■ **Task brief**
In the entries that follow, find the line containing "fixes p a :: int"; from there, copy every line exactly through the line containing "C = carrier".

»»

(* Let $p>2$ be a prime and let $a,b\in\mathbb{C}_p$ with $a\neq0$, $b\neq0$, $a\neq b$, $|2a|_p=|b|_p$ and $|2a-b|_p=|a|_p$. Let $P=-\frac1b$, $D=\mathbb{C}_p\setminus\{P\}$, $f(x)=\frac{ax^2}{bx+1}$ on $D$, $x_1=0$, $x_2=\frac1{a-b}$. Then $x_1$ is an attracting fixed point and $x_2$ is an indifferent fixed point of $f$, and $$A(x_1)=B_{\frac{1}{|a|_p}}(x_1),\qquad SI(x_2)=B_{\frac1{|a-b|_p}}(x_2).$$
   Context: $\mathbb{C}_p$ is the field of complex $p$-adic numbers with $p$-adic norm $|\cdot|_p$. For $c\in\mathbb{C}_p$, $r>0$: $B_r(c)=\{x:|x-c|_p<r\}$, $S_r(c)=\{x:|x-c|_p=r\}$. For $y\in D$, $y^{(n)}=f^n(y)$ is the $n$-th iterate (defined as long as no earlier iterate equals $P$). A fixed point $x^{(0)}$ of $f$ is attracting if $|f'(x^{(0)})|_p<1$ and indifferent if $|f'(x^{(0)})|_p=1$. Its basin of attraction is $A(x^{(0)})=\{y: y^{(n)}\text{ defined for all }n,\ y^{(n)}\to x^{(0)}\}$. A ball $B_r(x^{(0)})$ contained in $D$ is a Siegel disk of $x^{(0)}$ if every sphere $S_\rho(x^{(0)})$ with $\rho<r$ is invariant, i.e. $x\in S_\rho(x^{(0)})$ implies $x^{(n)}\in S_\rho(x^{(0)})$ for all $n\ge1$; the maximal Siegel disk $SI(x^{(0)})$ is the union of all Siegel disks centered at $x^{(0)}$. *)

theory Defs
  imports Complex_Main "HOL-Computational_Algebra.Polynomial"
begin
(* In the setting below, if there is a subinterval $[t_1,t_2]\subset(0,1]$ with $t_1<t_2$ on which $Z_1(t)$ stays on one of the coordinate axes, then both $Z_1(t)$ and $Z_2(t)$ stay on the coordinate axes (each on an axis) for all $t\in(0,1]$.
   Context: Planar three-body problem with masses $m_1=m_2=m_3=1$, $\chi=\{q=(q_1,q_2,q_3)\in(\mathbb{R}^2)^3: q_1+q_2+q_3=0\}$, action $\mathcal{A}(q)=\int_0^1\big(\tfrac12\sum|\dot q_i|^2+\sum_{i<j}\frac{1}{|q_i-q_j|}\big)dt$. Let $Q_{S_4}=\{q: q_1=q_2=(-a_2,0),\ q_3=(2a_2,0),\ a_2\ge0\}$ and $Q_{E_1}=\{q: q_1=(0,-2b_1),\ q_2=(-b_2,b_1),\ q_3=(b_2,b_1),\ b_1,b_2\in\mathbb{R}\}$. Let $q$ minimize $\mathcal{A}$ over $\{q\in H^1([0,1],\chi): q(0)\in Q_{S_4},\ q(1)\in Q_{E_1}\}$; it is collision-free for $t\in(0,1]$ and there satisfies Newton's equations $\ddot q_i=\sum_{j\ne i}\frac{q_j-q_i}{|q_j-q_i|^3}$. Jacobi coordinates: $Z_1=q_1-q_2$, $Z_2=q_3-\frac{q_1+q_2}{2}$. *)

theory Defs
  imports "HOL-Analysis.Analysis"
begin

text \<open>Planar three-body problem with unit masses.\<close>

definition H1_path :: "(real \<Rightarrow> complex) \<Rightarrow> bool" where
  "H1_path f \<longleftrightarrow> (\<exists>g. g absolutely_integrable_on {0..1} \<and>
       (\<lambda>t. (norm (g t))\<^sup>2) integrable_on {0..1} \<and>
       (\<forall>t\<in>{0..1}. f t = f 0 + integral {0..t} g))"

definition pot :: "complex \<Rightarrow> complex \<Rightarrow> ennreal" where
  "pot x y = (if x = y then \<infinity> else ennreal (1 / cmod (x - y)))"
definition covering_stage ::
    "(nat \<Rightarrow> bool) measure \<Rightarrow> real \<Rightarrow> nat \<Rightarrow> nat \<Rightarrow> real \<Rightarrow> (nat \<Rightarrow> bool list set) \<Rightarrow> (nat \<Rightarrow> bool) set \<Rightarrow> bool"
  where "covering_stage P \<alpha> N0 N1 \<epsilon> B D \<longleftrightarrow>
    N0 < N1 \<and> sparse_family \<alpha> B \<and> (\<forall>n. B n \<noteq> {} \<longrightarrow> N0 < n \<and> n \<le> N1) \<and>
    D \<in> sets P \<and> measure P D \<le> \<epsilon> \<and> (\<forall>\<omega>. \<omega> \<notin> D \<longrightarrow> (\<exists>n. \<exists>s\<in>B n. has_substring \<omega> s))"

lemma exists_multiplier_powr_ge:
  fixes \<alpha> y :: real
  assumes "0 < \<alpha>" "0 < l" "0 < y"
  shows "\<exists>k\<ge>2. y \<le> 2 powr (\<alpha> * real (k * l) / 2)"
proof -
  define k where "k = nat \<lceil>2 * log 2 y / (\<alpha> * l)\<rceil> + 2"
  have "2 * log 2 y / (\<alpha> * l) \<le> real k"
    unfolding k_def by linarith
  then have "log 2 y \<le> \<alpha> * real (k * l) / 2"
    using assms by (simp add: field_simps)
  then have "2 powr log 2 y \<le> 2 powr (\<alpha> * real (k * l) / 2)"
    by simp
  then show ?thesis
    using assms by (intro exI[of _ k]) (simp add: k_def)
qed

lemma exists_scales:
  fixes \<alpha> lam :: real
  assumes "0 < \<alpha>" "0 \<le> lam"
  shows "\<exists>L K m :: nat \<Rightarrow> nat. L 0 = N0 + 1 \<and> strict_mono L \<and> (\<forall>i. L (Suc i) = K i * L i) \<and>
           (\<forall>i. lam * 2 powr (\<alpha> * L (Suc i) / 2) \<le> real (m i)) \<and>
           (\<forall>i. real (2 ^ 2 ^ L i * m i) \<le> 2 powr (\<alpha> * L (Suc i)))"
proof -
  have "\<exists>k\<ge>2. (lam + 2) * 2 ^ 2 ^ l \<le> 2 powr (\<alpha> * real (k * l) / 2)" if "0 < l" for l
    using assms that by (intro exists_multiplier_powr_ge) auto
  then obtain Kf where Kf: "\<And>l. 0 < l \<Longrightarrow> 2 \<le> Kf l \<and> (lam + 2) * 2 ^ 2 ^ l \<le> 2 powr (\<alpha> * real (Kf l * l) / 2)"
    by metis
  define L where "L = rec_nat (N0 + 1) (\<lambda>_ l. Kf l * l)"
  have L_Suc: "L (Suc i) = Kf (L i) * L i" for i
    by (simp add: L_def)
  have L_pos: "0 < L i" for i
  proof (induction i)
    case (Suc i)
    then show ?case
      using Kf[OF Suc] by (simp add: L_Suc)
  qed (simp add: L_def)
  have "L i < L (Suc i)" for i
    using Kf[OF L_pos[of i]] L_pos[of i] by (simp add: L_Suc)
  then have "strict_mono L"
    by (simp add: strict_mono_Suc_iff)
  define y where "y i = 2 powr (\<alpha> * L (Suc i) / 2)" for i
  define m where "m i = nat \<lceil>lam * y i\<rceil> + 1" for i
  have y_ge_1: "1 \<le> y i" for i
    unfolding y_def using assms by (intro ge_one_powr_ge_zero) auto
  have m_ge: "lam * y i \<le> real (m i)" for i
    unfolding m_def by linarith
  have "real (2 ^ 2 ^ L i * m i) \<le> 2 powr (\<alpha> * L (Suc i))" for i
  proof -
    have "real (m i) \<le> (lam + 2) * y i"
      using assms y_ge_1[of i] unfolding m_def by (simp add: algebra_simps) linarith
    then have "real (2 ^ 2 ^ L i * m i) \<le> (lam + 2) * 2 ^ 2 ^ L i * y i"
      by (simp add: mult_left_mono mult_ac)
    also have "\<dots> \<le> y i * y i"
      using Kf[OF L_pos[of i]] y_ge_1[of i] unfolding y_def L_Suc by (intro mult_right_mono) auto
    also have "\<dots> = 2 powr (\<alpha> * L (Suc i))"
      by (simp add: y_def flip: powr_add)
    finally show ?thesis .
  qed
  moreover have "L 0 = N0 + 1"
    by (simp add: L_def)
  ultimately show ?thesis
    using m_ge \<open>strict_mono L\<close> L_Suc unfolding y_def
    by (intro exI[of _ L] exI[of _ "\<lambda>i. Kf (L i)"] exI[of _ m]) auto
qed
lemma (in group) commutes_with_generate:
  assumes "S \<subseteq> carrier G" "h \<in> carrier G" "\<And>s. s \<in> S \<Longrightarrow> h \<otimes> s = s \<otimes> h"
    and "y \<in> generate G S"
  shows "h \<otimes> y = y \<otimes> h"
  using assms(4)
proof (induction rule: generate.induct)
  case one
  then show ?case using assms(2) by simp
next
  case (incl s)
  then show ?case using assms(3) by blast
next
  case (inv s)
  have s: "s \<in> carrier G" using inv assms(1) by blast
  have "h \<otimes> inv s = inv s \<otimes> (s \<otimes> h) \<otimes> inv s"
    using s assms(2) by (simp add: m_assoc)
  also have "\<dots> = inv s \<otimes> (h \<otimes> s) \<otimes> inv s"
    by (simp only: assms(3)[OF inv])
  also have "\<dots> = inv s \<otimes> h"
    using s assms(2) by (simp add: m_assoc)
  finally show ?case .
next
  case (eng y z)
  have "y \<in> carrier G" "z \<in> carrier G"
    using eng.hyps generate_in_carrier[OF assms(1)] by auto
  then show ?case
    using assms(2) by (metis eng.IH m_assoc)
qed

lemma (in group) derived_subset_normal:
  assumes N: "N \<lhd> G" and S: "S \<subseteq> carrier G" "generate G S = carrier G"
    and comm: "\<And>s h. s \<in> S \<Longrightarrow> h \<in> carrier G \<Longrightarrow> h \<otimes> s \<otimes> inv h \<otimes> inv s \<in> N"
  shows "derived G (carrier G) \<subseteq> N"
proof -
  interpret N: normal N G by (rule N)
  have "\<forall>h\<in>carrier G. h \<otimes> y \<otimes> inv h \<otimes> inv y \<in> N" if "y \<in> generate G S" for y
    using that
  proof (induction rule: generate.induct)
    case one
    then show ?case by simp
  next
    case (incl s)
    then show ?case using comm by blast
  next
    case (inv s)
    have s: "s \<in> carrier G" using inv S(1) by blast
    show ?case
    proof
      fix h assume h: "h \<in> carrier G"
      have "h \<otimes> inv s \<otimes> inv h \<otimes> inv (inv s) = inv s \<otimes> inv (h \<otimes> s \<otimes> inv h \<otimes> inv s) \<otimes> s"
        using s h by (simp add: m_assoc inv_mult_group)
      moreover have "inv s \<otimes> inv (h \<otimes> s \<otimes> inv h \<otimes> inv s) \<otimes> s \<in> N"
        using N.inv_op_closed1[OF s N.m_inv_closed[OF comm[OF inv h]]] .
      ultimately show "h \<otimes> inv s \<otimes> inv h \<otimes> inv (inv s) \<in> N" by simp
    qed
  next
    case (eng y z)
    have yz: "y \<in> carrier G" "z \<in> carrier G"
      using eng.hyps generate_in_carrier[OF S(1)] by auto
    show ?case
    proof
      fix h assume h: "h \<in> carrier G"
      have "h \<otimes> (y \<otimes> z) \<otimes> inv h \<otimes> inv (y \<otimes> z) =
            (h \<otimes> y \<otimes> inv h \<otimes> inv y) \<otimes> (y \<otimes> (h \<otimes> z \<otimes> inv h \<otimes> inv z) \<otimes> inv y)"
        using yz h by (simp add: m_assoc inv_mult_group)
      then show "h \<otimes> (y \<otimes> z) \<otimes> inv h \<otimes> inv (y \<otimes> z) \<in> N"
        using eng.IH h yz by (simp add: N.inv_op_closed2)
    qed
  qed
  then show ?thesis
    unfolding derived_def using S(2)
    by (intro generate_subgroup_incl[OF _ N.subgroup_axioms]) auto
qed

lemma prime_invertible_mod:
  fixes p a :: int
  assumes "Factorial_Ring.prime p" "\<not> p dvd a"
  shows "\<exists>b. [a * b = 1] (mod p)"
  using assms by (metis cong_solve_coprime_int prime_imp_coprime coprime_commute)

locale aff_conj_class = group G for G (structure) +
  fixes C :: "'a set" and p \<alpha> :: int and \<phi> :: "int \<Rightarrow> 'a" and \<gamma> :: 'a
  assumes C_conj_class: "\<exists>x\<in>carrier G. C = conj_class G x"
    and C_generates: "generate G C = carrier G"
    and p_prime: "Factorial_Ring.prime p"
    and alpha_range: "\<alpha> \<in> {0..<p} - {0, 1}"
    and aff_iso: "aff_rack_iso G p \<alpha> \<phi> C"
    and gamma_def: "\<gamma> = \<phi> 0 \<otimes> inv (\<phi> 1)"
begin

text \<open>\<open>elt i\<close> is \<open>g\<^sub>i\<close> with the index read modulo \<open>p\<close>, so that index arithmetic can be done in \<open>\<int>\<close>.\<close>

definition elt :: "int \<Rightarrow> 'a" where
  "elt i = \<phi> (i mod p)"

lemma p_gt_1: "p > 1"
  using p_prime by (simp add: prime_int_iff)

lemma elt_cong: "[i = j] (mod p) \<Longrightarrow> elt i = elt j"
  unfolding elt_def cong_def by simp

lemma elt_eq_phi: "i \<in> {0..<p} \<Longrightarrow> elt i = \<phi> i"
  unfolding elt_def by simp

lemma phi_in_C: "x \<in> {0..<p} \<Longrightarrow> \<phi> x \<in> C"
  using aff_iso unfolding aff_rack_iso_def bij_betw_def by blast

lemma range_elt: "range elt = C"
proof -
  have C: "\<phi> ` {0..<p} = C"
    using aff_iso unfolding aff_rack_iso_def bij_betw_def by blast
  have "elt i \<in> C" for i
    unfolding elt_def C[symmetric] using p_gt_1 by simp
  moreover have "c \<in> range elt" if c: "c \<in> C" for c
  proof -
    obtain i where "i \<in> {0..<p}" "c = \<phi> i"
      using c unfolding C[symmetric] by blast
    then show ?thesis
      using elt_eq_phi by (metis rangeI)
  qed
  ultimately show ?thesis by blast
qed

lemma C_subset_carrier: "C \<subseteq> carrier G"
  using C_conj_class conj_class_subset_carrier by blast

lemma elt_in_carrier [simp]: "elt i \<in> carrier G"
  using range_elt C_subset_carrier by blast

««

■ **Written response**
  fixes p a :: int
  assumes "Factorial_Ring.prime p" "\<not> p dvd a"
  shows "\<exists>b. [a * b = 1] (mod p)"
  using assms by (metis cong_solve_coprime_int prime_imp_coprime coprime_commute)

locale aff_conj_class = group G for G (structure) +
  fixes C :: "'a set" and p \<alpha> :: int and \<phi> :: "int \<Rightarrow> 'a" and \<gamma> :: 'a
  assumes C_conj_class: "\<exists>x\<in>carrier G. C = conj_class G x"
    and C_generates: "generate G C = carrier G"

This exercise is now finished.